lemma nested_sums_tendsto_1:
  fixes A :: "nat \<Rightarrow> 'a \<Rightarrow> real" and B :: "'a \<Rightarrow> real" and L :: "nat \<Rightarrow> 'a set"
  assumes fin: "\<And>n. finite (L n)" and mono: "\<And>m n. m \<le> n \<Longrightarrow> L m \<subseteq> L n"
    and sum_A: "\<And>n. (\<Sum>l\<in>L n. A n l) = 1"
    and A_tendsto: "\<And>l. (\<lambda>n. A n l) \<longlonglongrightarrow> B l"
    and B_nonneg: "\<And>l. 0 \<le> B l" and B_le_A: "\<And>n l. B l \<le> A n l"
    and \<delta>: "\<delta> > 0" and lower: "\<And>n l. n \<ge> n\<^sub>0 \<Longrightarrow> l \<in> L n \<Longrightarrow> \<delta> * A n l \<le> B l"
  shows "(\<lambda>n. \<Sum>l\<in>L n. B l) \<longlonglongrightarrow> 1"
proof -
  define s where "s n = (\<Sum>l\<in>L n. B l)" for n
  have s_le_1: "s n \<le> 1" for n
    unfolding s_def sum_A[of n, symmetric] by (rule sum_mono) (rule B_le_A)
  have "incseq s"
    unfolding incseq_def s_def by (intro allI impI sum_mono2) (use fin mono B_nonneg in auto)
  then obtain S where S: "s \<longlonglongrightarrow> S"
    using incseq_convergent s_le_1 by blast
  have s_le_S: "s n \<le> S" for n using incseq_le[OF \<open>incseq s\<close> S] by simp
  txt \<open>On \<open>L n - L N\<close> the weights \<open>A n\<close> are at most \<open>B / \<delta>\<close>, whose total tends to 0 as \<open>N\<close> grows.\<close>
  have "1 \<le> s N + (S - s N) / \<delta>" for N
  proof (rule LIMSEQ_le_const[where X="\<lambda>n. (\<Sum>l\<in>L N. A n l) + (S - s N) / \<delta>"])
    show "(\<lambda>n. (\<Sum>l\<in>L N. A n l) + (S - s N) / \<delta>) \<longlonglongrightarrow> s N + (S - s N) / \<delta>"
      unfolding s_def by (intro tendsto_intros A_tendsto)
    show "\<exists>n\<^sub>1. \<forall>n\<ge>n\<^sub>1. 1 \<le> (\<Sum>l\<in>L N. A n l) + (S - s N) / \<delta>"
    proof (intro exI allI impI)
      fix n assume n: "n \<ge> max N n\<^sub>0"
      have sub: "L N \<subseteq> L n" using mono n by simp
      have "(\<Sum>l\<in>L n - L N. A n l) \<le> (\<Sum>l\<in>L n - L N. B l / \<delta>)"
        using lower[of n] n \<delta> by (intro sum_mono) (auto simp: field_simps)
      also have "\<dots> = (s n - s N) / \<delta>"
        unfolding s_def using sum.subset_diff[OF sub fin, of B] by (simp add: sum_divide_distrib)
      also have "\<dots> \<le> (S - s N) / \<delta>"
        using s_le_S[of n] \<delta> by (simp add: divide_right_mono)
      finally show "1 \<le> (\<Sum>l\<in>L N. A n l) + (S - s N) / \<delta>"
        using sum_A[of n] sum.subset_diff[OF sub fin, of "A n"] by simp
    qed
  qed
  moreover have "(\<lambda>N. s N + (S - s N) / \<delta>) \<longlonglongrightarrow> S + (S - S) / \<delta>"
    using \<delta> by (intro tendsto_intros S) auto
  ultimately have "1 \<le> S"
    by (intro LIMSEQ_le_const[where X="\<lambda>N. s N + (S - s N) / \<delta>"]) auto
  moreover have "S \<le> 1"
    using S s_le_1 by (intro LIMSEQ_le_const2) auto
  ultimately show ?thesis using S unfolding s_def by simp
qed

section \<open>The mask of the Moran measure\<close>

definition moran_scale :: "nat \<Rightarrow> real" where
  "moran_scale k = 3 ^ k * fact k"

definition top_digit :: "nat \<Rightarrow> real" where
  "top_digit k = 3 * (real k)\<^sup>2 + 1"

definition mask :: "nat \<Rightarrow> real \<Rightarrow> complex" where
  "mask k u = (1 + iexp (2 * u) + iexp (top_digit k * u)) / 3"

definition mask_sq :: "nat \<Rightarrow> real \<Rightarrow> real" where
  "mask_sq k u = (cmod (mask k u))\<^sup>2"

lemma moran_scale_pos: "moran_scale k > 0"
  by (simp add: moran_scale_def)

lemma moran_scale_Suc: "moran_scale (Suc k) = 3 * (real (Suc k) * moran_scale k)"
  by (simp add: moran_scale_def algebra_simps)

lemma moran_scale_multiple: "j \<le> n \<Longrightarrow> \<exists>N::nat. moran_scale n = of_nat N * moran_scale j"
proof (induction n)
  case (Suc n)
  show ?case
  proof (cases "j = Suc n")
    case False
    with Suc obtain N where "moran_scale n = of_nat N * moran_scale j" by auto
    then show ?thesis unfolding moran_scale_Suc by (intro exI[of _ "3 * Suc n * N"]) simp
  qed (intro exI[of _ 1], simp)
qed (intro exI[of _ 1], simp)

lemma moran_scale_Ints: "moran_scale n \<in> \<int>"
  by (simp add: moran_scale_def fact_in_Ints)

lemma moran_scale_ge: "real n \<le> moran_scale n"
proof -
  have "real n \<le> fact n" by (induction n) (auto simp: fact_Suc)
  also have "\<dots> \<le> 3 ^ n * fact n" by (simp add: one_le_power)
  finally show ?thesis by (simp add: moran_scale_def)
qed

lemma top_digit_ge: "k \<ge> 1 \<Longrightarrow> top_digit k \<ge> 4"
  by (simp add: top_digit_def one_le_power)

lemma top_digit_le: "k \<ge> 1 \<Longrightarrow> top_digit k \<le> 4 * (real k)\<^sup>2"
  by (simp add: top_digit_def one_le_power)

lemma cos_add_2pi_int: "cos (x + 2 * pi * of_int n) = cos x"
  by (simp add: cos_add)

lemma cos_2pi_third_int:
  fixes n :: int
  assumes "\<not> 3 dvd n"
  shows "cos (2 * pi * of_int n / 3) = -1/2"
proof -
  have "n mod 3 = 1 \<or> n mod 3 = 2" using assms by presburger
  moreover have "n = 3 * (n div 3) + n mod 3" by simp
  ultimately obtain q where "n = 3 * q + 1 \<or> n = 3 * q + 2" by metis
  then show ?thesis
  proof
    assume "n = 3 * q + 1"
    then have "2 * pi * of_int n / 3 = 2 * pi / 3 + 2 * pi * of_int q" by (simp add: field_simps)
    then show ?thesis by (simp only: cos_add_2pi_int cos_120)
  next
    assume "n = 3 * q + 2"
    then have "2 * pi * of_int n / 3 = - (2 * pi / 3) + 2 * pi * of_int (q + 1)"
      by (simp add: field_simps)
    then show ?thesis by (simp only: cos_add_2pi_int cos_minus cos_120)
  qed
qed

lemma cos_sum_thirds:
  fixes m :: int
  assumes "\<not> 3 dvd m"
  shows "cos (of_int m * (x - 2 * pi / 3)) + cos (of_int m * x) + cos (of_int m * (x + 2 * pi / 3)) = 0"
proof -
  let ?\<theta> = "2 * pi * of_int m / 3"
  have "of_int m * (x - 2 * pi / 3) = of_int m * x - ?\<theta>" "of_int m * (x + 2 * pi / 3) = of_int m * x + ?\<theta>"
    by (simp_all add: algebra_simps)
  moreover have "cos (of_int m * x - ?\<theta>) + cos (of_int m * x + ?\<theta>) = 2 * cos (of_int m * x) * cos ?\<theta>"
    by (simp add: cos_diff cos_add)
  ultimately show ?thesis using cos_2pi_third_int[OF assms] by simp
qed

lemma cos_ge_1_minus_sq: "1 - y\<^sup>2 / 2 \<le> cos (y :: real)"
proof -
  have "cos y = 1 - 2 * sin (y / 2) ^ 2" using cos_double_sin[of "y / 2"] by simp
  moreover have "sin (y / 2) ^ 2 \<le> (y / 2)\<^sup>2"
    using abs_sin_x_le_abs_x[of "y / 2"] by (metis abs_le_square_iff)
  ultimately show ?thesis by (simp add: power_divide)
qed

lemma mask_sq_sin_cos:
  "mask_sq k u = ((1 + cos (2 * u) + cos (top_digit k * u))\<^sup>2 + (sin (2 * u) + sin (top_digit k * u))\<^sup>2) / 9"
  unfolding mask_sq_def mask_def cis_conv_exp[symmetric] cmod_power2 by (simp add: power_divide)

lemma mask_sq_cos:
  "mask_sq k u = (3 + 2 * cos (2 * u) + 2 * cos (top_digit k * u) + 2 * cos ((top_digit k - 2) * u)) / 9"
proof -
  let ?a = "cos (2 * u)" and ?c = "sin (2 * u)" and ?b = "cos (top_digit k * u)" and ?d = "sin (top_digit k * u)"
  have "(1 + ?a + ?b)\<^sup>2 + (?c + ?d)\<^sup>2 = 1 + (?a\<^sup>2 + ?c\<^sup>2) + (?b\<^sup>2 + ?d\<^sup>2) + 2 * ?a + 2 * ?b + 2 * (?b * ?a + ?d * ?c)"
    by (simp add: power2_eq_square algebra_simps)
  also have "?b * ?a + ?d * ?c = cos ((top_digit k - 2) * u)"
    using cos_diff[of "top_digit k * u" "2 * u"] by (simp add: algebra_simps)
  finally show ?thesis unfolding mask_sq_sin_cos by simp
qed

lemma mask_sq_nonneg: "0 \<le> mask_sq k u"
  by (simp add: mask_sq_def)

lemma mask_sq_le_1: "mask_sq k u \<le> 1"
proof -
  have "3 + 2 * cos (2 * u) + 2 * cos (top_digit k * u) + 2 * cos ((top_digit k - 2) * u) \<le> 9"
    using cos_le_one[of "2 * u"] cos_le_one[of "top_digit k * u"] cos_le_one[of "(top_digit k - 2) * u"]
    by linarith
  then show ?thesis unfolding mask_sq_cos by simp
qed

lemma mask_sq_thirds: "mask_sq k (u - 2 * pi / 3) + mask_sq k u + mask_sq k (u + 2 * pi / 3) = 1"
proof -
  have "\<not> 3 dvd (2 :: int)" "\<not> 3 dvd (3 * int k ^ 2 + 1)" "\<not> 3 dvd (3 * int k ^ 2 - 1)"
    by presburger+
  from this[THEN cos_sum_thirds, of u] show ?thesis
    unfolding mask_sq_cos by (simp add: top_digit_def field_simps)
qed

lemma mask_sq_periodic: "mask_sq k (u + 2 * pi * of_int z) = mask_sq k u"
proof -
  have "cos (of_int m * (u + 2 * pi * of_int z)) = cos (of_int m * u)" for m :: int
    using cos_add_2pi_int[of "of_int m * u" "m * z"] by (simp add: algebra_simps)
  from this[of 2] this[of "3 * int k ^ 2 + 1"] this[of "3 * int k ^ 2 - 1"] show ?thesis
    unfolding mask_sq_cos by (simp add: top_digit_def)
qed

lemma mask_sq_zero:
  assumes "\<not> 3 dvd z"
  shows "mask_sq k (2 * pi * of_int z / 3) = 0"
proof -
  have cos_eq: "cos (of_int m * (2 * pi * of_int z / 3)) = -1/2" if "\<not> 3 dvd m" for m :: int
    using cos_2pi_third_int[of "m * z"] that assms by (simp add: prime_dvd_mult_iff mult.left_commute)
  have "\<not> 3 dvd (2 :: int)" "\<not> 3 dvd (3 * int k ^ 2 + 1)" "\<not> 3 dvd (3 * int k ^ 2 - 1)"
    by presburger+
  from this[THEN cos_eq] show ?thesis
    unfolding mask_sq_cos by (simp add: top_digit_def)
qed

lemma mask_sq_ge_small:
  assumes "\<bar>u\<bar> \<le> 1/2"
  shows "mask_sq k u \<ge> 1/36"
proof -
  have "u\<^sup>2 \<le> (1/2)\<^sup>2"
    using power_mono[OF assms, of 2] by (simp add: power2_abs)
  then have "(2 * u)\<^sup>2 / 2 \<le> 1/2" by (simp add: power_mult_distrib power2_eq_square)
  then have "cos (2 * u) \<ge> 1/2"
    using cos_ge_1_minus_sq[of "2 * u"] by linarith
  then have "1/2 \<le> 1 + cos (2 * u) + cos (top_digit k * u)"
    using cos_ge_minus_one[of "top_digit k * u"] by linarith
  then have "(1/2)\<^sup>2 \<le> (1 + cos (2 * u) + cos (top_digit k * u))\<^sup>2"
    by (rule power_mono) simp
  moreover have "(1 + cos (2 * u) + cos (top_digit k * u))\<^sup>2 / 9 \<le> mask_sq k u"
    unfolding mask_sq_sin_cos by (intro divide_right_mono) auto
  ultimately show ?thesis by (simp add: power2_eq_square)
qed

lemma mask_sq_ge:
  assumes "k \<ge> 1"
  shows "mask_sq k u \<ge> 1 - (top_digit k * u)\<^sup>2 / 4"
proof -
  have D: "top_digit k \<ge> 4" using top_digit_ge assms by simp
  have "\<bar>2 * u\<bar> \<le> \<bar>top_digit k * u / 2\<bar>" "\<bar>(top_digit k - 2) * u\<bar> \<le> \<bar>top_digit k * u\<bar>"
    using D by (simp_all add: abs_mult mult_right_mono)
  then have bounds: "(2 * u)\<^sup>2 \<le> (top_digit k * u)\<^sup>2 / 4" "((top_digit k - 2) * u)\<^sup>2 \<le> (top_digit k * u)\<^sup>2"
    by (simp_all only: abs_le_square_iff power_divide) simp
  have "1 - mask_sq k u
      = ((1 - cos (2 * u)) + (1 - cos (top_digit k * u)) + (1 - cos ((top_digit k - 2) * u))) * 2 / 9"
    unfolding mask_sq_cos by (simp add: field_simps)
  also have "\<dots> \<le> ((2 * u)\<^sup>2 / 2 + (top_digit k * u)\<^sup>2 / 2 + ((top_digit k - 2) * u)\<^sup>2 / 2) * 2 / 9"
    using cos_ge_1_minus_sq[of "2 * u"] cos_ge_1_minus_sq[of "top_digit k * u"]
      cos_ge_1_minus_sq[of "(top_digit k - 2) * u"]
    by (intro divide_right_mono mult_right_mono add_mono) auto
  also have "\<dots> \<le> (top_digit k * u)\<^sup>2 / 4"
    using bounds by simp
  finally show ?thesis by simp
qed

####

## Instructions for the task:
In the listing above, start at the line with "pi * of_int m", go on through the line with "by (simp_all add: algebra_simps)", and copy each of those lines exactly; leave out all the rest.

## Task response:
  let ?\<theta> = "2 * pi * of_int m / 3"
  have "of_int m * (x - 2 * pi / 3) = of_int m * x - ?\<theta>" "of_int m * (x + 2 * pi / 3) = of_int m * x + ?\<theta>"
    by (simp_all add: algebra_simps)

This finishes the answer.